Is the employer obligated to negotiate a substitution agreement?

Yes. Article L.2261-14 of the Labour Code obligates the employer to engage in good faith negotiations for a substitution agreement. The failure to negotiate may be penalized with the granting of damages to employees.

What happens if no substitution agreement is reached?

At the end of the 15-month period, the old agreement ceases to apply. Employees are then subject to the host company’s agreement but benefit from a wage guarantee: their annual remuneration cannot be less than that received during the last 12 months preceding the questioning.

Can the substitution agreement set less favorable conditions than the old agreement?

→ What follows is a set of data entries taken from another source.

(* Let $A$ be an order-unit space with order unit $1$, and let $L$ be a seminorm on $A$ (taking finite values) such that $L(1)=0$. Set $\mathcal B_1=\{a\in A: L(a)\le 1\}$, and let $\tilde A=A/\mathbb R 1$ with its quotient norm $\|\cdot\|^{\sim}$. Then: (a) $\rho_L$ gives $S(A)$ finite diameter if and only if the image of $\mathcal B_1$ in $\tilde A$ is bounded for $\|\cdot\|^{\sim}$; (b) the topology on $S(A)$ determined by $\rho_L$ coincides with the weak-$*$ topology if and only if the image of $\mathcal B_1$ in $\tilde A$ is totally bounded for $\|\cdot\|^{\sim}$.
   Context: An order-unit space may be taken concretely as a real linear space of self-adjoint bounded operators on a Hilbert space containing the identity operator $1$ (the order unit), with the usual operator ordering and operator norm (it need not be complete). Its state space $S(A)$ is the set of positive linear functionals $\mu$ on $A$ with $\mu(1)=1$, with the weak-$*$ topology. For a seminorm $L$ on $A$, the (possibly $+\infty$-valued) metric $\rho_L$ on $S(A)$ is $\rho_L(\mu,\nu)=\sup\{|\mu(a)-\nu(a)|: a\in A,\ L(a)\le 1\}$. *)

theory Defs
  imports "HOL-Analysis.Analysis"
begin

text \<open>Concrete order-unit spaces: real linear spaces of bounded self-adjoint operators on a
(real) Hilbert space containing the identity operator, with operator ordering and operator norm.\<close>

definition self_adjoint :: "('h::real_inner \<Rightarrow>\<^sub>L 'h) \<Rightarrow> bool" where
  "self_adjoint T \<longleftrightarrow> (\<forall>x y. inner (blinfun_apply T x) y = inner x (blinfun_apply T y))"

definition op_le :: "('h::real_inner \<Rightarrow>\<^sub>L 'h) \<Rightarrow> ('h \<Rightarrow>\<^sub>L 'h) \<Rightarrow> bool" where
  "op_le T S \<longleftrightarrow> (\<forall>x. inner (blinfun_apply T x) x \<le> inner (blinfun_apply S x) x)"

definition order_unit_space :: "('h::{real_inner,complete_space} \<Rightarrow>\<^sub>L 'h) set \<Rightarrow> bool" where
  "order_unit_space A \<longleftrightarrow> subspace A \<and> (\<forall>T\<in>A. self_adjoint T) \<and> id_blinfun \<in> A"

text \<open>State space: positive linear functionals on A taking value 1 at the order unit.
  Functionals are represented as functions on the whole operator type that vanish outside A.\<close>
definition state_space :: "('h::{real_inner,complete_space} \<Rightarrow>\<^sub>L 'h) set \<Rightarrow> (('h \<Rightarrow>\<^sub>L 'h) \<Rightarrow> real) set" where
  "state_space A = {\<mu>. (\<forall>a\<in>A. \<forall>b\<in>A. \<mu> (a + b) = \<mu> a + \<mu> b)
                       \<and> (\<forall>t. \<forall>a\<in>A. \<mu> (t *\<^sub>R a) = t * \<mu> a)
                       \<and> (\<forall>a\<in>A. op_le 0 a \<longrightarrow> 0 \<le> \<mu> a)
                       \<and> \<mu> id_blinfun = 1
                       \<and> (\<forall>a. a \<notin> A \<longrightarrow> \<mu> a = 0)}"

definition weak_star_topology :: "('h::{real_inner,complete_space} \<Rightarrow>\<^sub>L 'h) set \<Rightarrow> (('h \<Rightarrow>\<^sub>L 'h) \<Rightarrow> real) topology" where
  "weak_star_topology A =
     topology_generated_by {{\<mu> \<in> state_space A. \<mu> a \<in> U} | a U. a \<in> A \<and> open U}"

definition seminorm_on :: "('h::{real_inner,complete_space} \<Rightarrow>\<^sub>L 'h) set \<Rightarrow> (('h \<Rightarrow>\<^sub>L 'h) \<Rightarrow> real) \<Rightarrow> bool" where
  "seminorm_on A L \<longleftrightarrow> (\<forall>a\<in>A. \<forall>b\<in>A. L (a + b) \<le> L a + L b) \<and> (\<forall>t. \<forall>a\<in>A. L (t *\<^sub>R a) = \<bar>t\<bar> * L a)"

definition lip_ball :: "('h::{real_inner,complete_space} \<Rightarrow>\<^sub>L 'h) set \<Rightarrow> (('h \<Rightarrow>\<^sub>L 'h) \<Rightarrow> real) \<Rightarrow> ('h \<Rightarrow>\<^sub>L 'h) set" where
  "lip_ball A L = {a \<in> A. L a \<le> 1}"

definition rho_L :: "('h::{real_inner,complete_space} \<Rightarrow>\<^sub>L 'h) set \<Rightarrow> (('h \<Rightarrow>\<^sub>L 'h) \<Rightarrow> real)
                     \<Rightarrow> (('h \<Rightarrow>\<^sub>L 'h) \<Rightarrow> real) \<Rightarrow> (('h \<Rightarrow>\<^sub>L 'h) \<Rightarrow> real) \<Rightarrow> ereal" where
  "rho_L A L \<mu> \<nu> = (SUP a \<in> lip_ball A L. ereal \<bar>\<mu> a - \<nu> a\<bar>)"

definition rho_topology :: "('h::{real_inner,complete_space} \<Rightarrow>\<^sub>L 'h) set \<Rightarrow> (('h \<Rightarrow>\<^sub>L 'h) \<Rightarrow> real)
                            \<Rightarrow> (('h \<Rightarrow>\<^sub>L 'h) \<Rightarrow> real) topology" where
  "rho_topology A L =
     topology_generated_by {{\<nu> \<in> state_space A. rho_L A L \<mu> \<nu> < ereal r} | \<mu> r. \<mu> \<in> state_space A \<and> r > 0}"

definition quot_norm :: "('h::{real_inner,complete_space} \<Rightarrow>\<^sub>L 'h) \<Rightarrow> real" where
  "quot_norm a = (INF t::real. norm (a - t *\<^sub>R id_blinfun))"

definition quot_totally_bounded :: "('h::{real_inner,complete_space} \<Rightarrow>\<^sub>L 'h) set \<Rightarrow> bool" where
  "quot_totally_bounded B \<longleftrightarrow>
     (\<forall>e>0. \<exists>F. finite F \<and> F \<subseteq> B \<and> (\<forall>a\<in>B. \<exists>f\<in>F. quot_norm (a - f) < e))"

end

theory Submission
  imports Defs
begin

text \<open>
  For \<open>a \<in> A\<close> the oscillation \<open>sup |\<mu> a - \<nu> a|\<close> of \<open>a\<close> over states is comparable to its
  quotient norm: it is at most \<open>2 \<parallel>a\<parallel>\<^sup>~\<close>, and conversely \<open>\<parallel>a - t 1\<parallel> \<le> sup\<^sub>\<mu> |\<mu> a - t|\<close>, because
  the norm of a self-adjoint operator is its numerical radius, which vector states compute.

  For (b), the subbasic weak-* sets are always \<open>\<rho>\<^sub>L\<close>-open because \<open>L\<close> is a seminorm. If the
  image of \<open>B\<^sub>1\<close> is totally bounded, a finite net of it turns a \<open>\<rho>\<^sub>L\<close>-ball around any of its
  points into a finite intersection of subbasic weak-* sets. Conversely, if the \<open>\<rho>\<^sub>L\<close>-balls are
  weak-* open, weak-* compactness of \<open>S(A)\<close> yields finite \<open>\<rho>\<^sub>L\<close>-nets of states; \<open>\<rho>\<^sub>L\<close> is finite
  between any two states, because a \<open>\<rho>\<^sub>L\<close>-ball contains an initial piece of every segment
  starting at its centre; and sorting \<open>B\<^sub>1\<close> by the rounded values \<open>g a - g' a\<close>, for pairs of
  points \<open>g, g'\<close> of a net, yields a finite net of \<open>B\<^sub>1\<close> modulo \<open>\<real>1\<close>.
\<close>

lemma norm_blinfun_le_numerical_radius:
  fixes b :: "'h::real_inner \<Rightarrow>\<^sub>L 'h"
  assumes "self_adjoint b" and "0 \<le> w"
    and radius: "\<And>x. \<bar>inner (blinfun_apply b x) x\<bar> \<le> w * (norm x)\<^sup>2"
  shows "norm b \<le> w"
proof -
  have polar: "4 * inner (blinfun_apply b u) v \<le> 2 * w * ((norm u)\<^sup>2 + (norm v)\<^sup>2)" for u v
  proof -
    have "4 * inner (blinfun_apply b u) v
        = inner (blinfun_apply b (u + v)) (u + v) - inner (blinfun_apply b (u - v)) (u - v)"
    proof -
      have "inner (blinfun_apply b v) u = inner (blinfun_apply b u) v"
        using \<open>self_adjoint b\<close> unfolding self_adjoint_def by (metis inner_commute)
      then show ?thesis
        by (simp add: blinfun.add_right blinfun.diff_right inner_add_left inner_add_right
            inner_diff_left inner_diff_right)
    qed
    also have "\<dots> \<le> w * (norm (u + v))\<^sup>2 + w * (norm (u - v))\<^sup>2"
      using radius[of "u + v"] radius[of "u - v"] by (simp add: abs_le_iff)
    also have "\<dots> = 2 * w * ((norm u)\<^sup>2 + (norm v)\<^sup>2)"
      by (simp add: power2_norm_eq_inner inner_commute algebra_simps)
    finally show ?thesis .
  qed
  show ?thesis
  proof (rule norm_blinfun_bound[OF \<open>0 \<le> w\<close>])
    fix x
    let ?y = "blinfun_apply b x"
    show "norm ?y \<le> w * norm x"
    proof (cases "?y = 0")
      case False
      then have "x \<noteq> 0" by auto
      define v where "v = (norm x / norm ?y) *\<^sub>R ?y"
      have "inner ?y v = norm x * norm ?y"
        using False by (simp add: v_def power2_norm_eq_inner[symmetric] power2_eq_square)
      moreover have "norm v = norm x"
        using False by (simp add: v_def)
      ultimately have "norm x * norm ?y \<le> norm x * (w * norm x)"
        using polar[of x v] by (simp add: power2_eq_square algebra_simps)
      then show ?thesis
        using \<open>x \<noteq> 0\<close> by simp
    qed (simp add: \<open>0 \<le> w\<close>)
  qed
qed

Yes, as long as it respects public policy provisions and the minima of the host company’s collective agreement. The substitution agreement is a common law agreement that is not required to reproduce previous advantages. It may organize a gradual smoothing.

Is it possible to anticipate questioning before the transfer occurs?

Yes. It is possible to negotiate an adaptation agreement before the actual transfer. This anticipation is highly recommended as it secures the operation and reduces the uncertainty period for employees. DAIRIA Avocats assists you in this social planning process.